(* Let $S$ be the set of $\mathcal{G}$-invariant elements of $L_2(\mathcal{X},\mathcal{Y},\mu)$. For every $f\in L_2(\mathcal{X},\mathcal{Y},\mu)$, the function $\bar f=\mathcal{O}f$ is the unique solution of the least squares problem $\bar f=\operatorname{argmin}_{s\in S}\|f-s\|_\mu^2$.
   Context: $\mathcal{G}$ is a compact, second countable, Hausdorff topological group with Haar probability measure $\lambda$. $\mathcal{X}$ is a nonempty Polish space on which $\mathcal{G}$ acts measurably, $(g,x)\mapsto gx$. $\mathcal{Y}=\mathbb{R}^k$ with an inner product $\langle\cdot,\cdot\rangle$ and norm $\|\cdot\|$. $\mu$ is a $\mathcal{G}$-invariant Borel probability measure on $\mathcal{X}$. $L_2(\mathcal{X},\mathcal{Y},\mu)$ is the Hilbert space of $\mu$-a.e. classes of measurable $f:\mathcal{X}\to\mathcal{Y}$ with $\|f\|_\mu^2=\int\|f(x)\|^2d\mu(x)<\infty$, inner product $\langle f,h\rangle_\mu=\int\langle f(x),h(x)\rangle d\mu(x)$. A function $f$ is $\mathcal{G}$-invariant if $f(gx)=f(x)$ for all $g,x$. The orbit averaging operator is $\mathcal{O}f(x)=\int_\mathcal{G}f(gx)\,d\lambda(g)$. Uniqueness is as elements of $L_2(\mathcal{X},\mathcal{Y},\mu)$. *)

theory Defs
  imports "HOL-Probability.Probability"
begin

definition top_group :: "('g::topological_space \<Rightarrow> 'g \<Rightarrow> 'g) \<Rightarrow> ('g \<Rightarrow> 'g) \<Rightarrow> 'g \<Rightarrow> bool" where
  "top_group m i e \<longleftrightarrow>
     (\<forall>a b c. m (m a b) c = m a (m b c)) \<and>
     (\<forall>a. m e a = a \<and> m a e = a) \<and>
     (\<forall>a. m (i a) a = e \<and> m a (i a) = e) \<and>
     continuous_on UNIV (\<lambda>p. m (fst p) (snd p)) \<and>
     continuous_on UNIV i"

definition haar_prob :: "('g::topological_space \<Rightarrow> 'g \<Rightarrow> 'g) \<Rightarrow> 'g measure \<Rightarrow> bool" where
  "haar_prob m lam \<longleftrightarrow> sets lam = sets borel \<and> prob_space lam \<and>
     (\<forall>g. \<forall>A\<in>sets borel. emeasure lam ((m g) ` A) = emeasure lam A)"

definition meas_action :: "('g::topological_space \<Rightarrow> 'g \<Rightarrow> 'g) \<Rightarrow> 'g \<Rightarrow> ('g \<Rightarrow> 'x::topological_space \<Rightarrow> 'x) \<Rightarrow> bool" where
  "meas_action m e act \<longleftrightarrow>
     (\<lambda>p. act (fst p) (snd p)) \<in> measurable (borel \<Otimes>\<^sub>M borel) borel \<and>
     (\<forall>x. act e x = x) \<and> (\<forall>g h x. act (m g h) x = act g (act h x))"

# # # #

## Task requirements
All the entries above need to be reproduced exactly.

## Finished exercise
(* Let $S$ be the set of $\mathcal{G}$-invariant elements of $L_2(\mathcal{X},\mathcal{Y},\mu)$. For every $f\in L_2(\mathcal{X},\mathcal{Y},\mu)$, the function $\bar f=\mathcal{O}f$ is the unique solution of the least squares problem $\bar f=\operatorname{argmin}_{s\in S}\|f-s\|_\mu^2$.
   Context: $\mathcal{G}$ is a compact, second countable, Hausdorff topological group with Haar probability measure $\lambda$. $\mathcal{X}$ is a nonempty Polish space on which $\mathcal{G}$ acts measurably, $(g,x)\mapsto gx$. $\mathcal{Y}=\mathbb{R}^k$ with an inner product $\langle\cdot,\cdot\rangle$ and norm $\|\cdot\|$. $\mu$ is a $\mathcal{G}$-invariant Borel probability measure on $\mathcal{X}$. $L_2(\mathcal{X},\mathcal{Y},\mu)$ is the Hilbert space of $\mu$-a.e. classes of measurable $f:\mathcal{X}\to\mathcal{Y}$ with $\|f\|_\mu^2=\int\|f(x)\|^2d\mu(x)<\infty$, inner product $\langle f,h\rangle_\mu=\int\langle f(x),h(x)\rangle d\mu(x)$. A function $f$ is $\mathcal{G}$-invariant if $f(gx)=f(x)$ for all $g,x$. The orbit averaging operator is $\mathcal{O}f(x)=\int_\mathcal{G}f(gx)\,d\lambda(g)$. Uniqueness is as elements of $L_2(\mathcal{X},\mathcal{Y},\mu)$. *)

theory Defs
  imports "HOL-Probability.Probability"
begin

definition top_group :: "('g::topological_space \<Rightarrow> 'g \<Rightarrow> 'g) \<Rightarrow> ('g \<Rightarrow> 'g) \<Rightarrow> 'g \<Rightarrow> bool" where
  "top_group m i e \<longleftrightarrow>
     (\<forall>a b c. m (m a b) c = m a (m b c)) \<and>
     (\<forall>a. m e a = a \<and> m a e = a) \<and>
     (\<forall>a. m (i a) a = e \<and> m a (i a) = e) \<and>
     continuous_on UNIV (\<lambda>p. m (fst p) (snd p)) \<and>
     continuous_on UNIV i"

definition haar_prob :: "('g::topological_space \<Rightarrow> 'g \<Rightarrow> 'g) \<Rightarrow> 'g measure \<Rightarrow> bool" where
  "haar_prob m lam \<longleftrightarrow> sets lam = sets borel \<and> prob_space lam \<and>
     (\<forall>g. \<forall>A\<in>sets borel. emeasure lam ((m g) ` A) = emeasure lam A)"

definition meas_action :: "('g::topological_space \<Rightarrow> 'g \<Rightarrow> 'g) \<Rightarrow> 'g \<Rightarrow> ('g \<Rightarrow> 'x::topological_space \<Rightarrow> 'x) \<Rightarrow> bool" where
  "meas_action m e act \<longleftrightarrow>
     (\<lambda>p. act (fst p) (snd p)) \<in> measurable (borel \<Otimes>\<^sub>M borel) borel \<and>
     (\<forall>x. act e x = x) \<and> (\<forall>g h x. act (m g h) x = act g (act h x))"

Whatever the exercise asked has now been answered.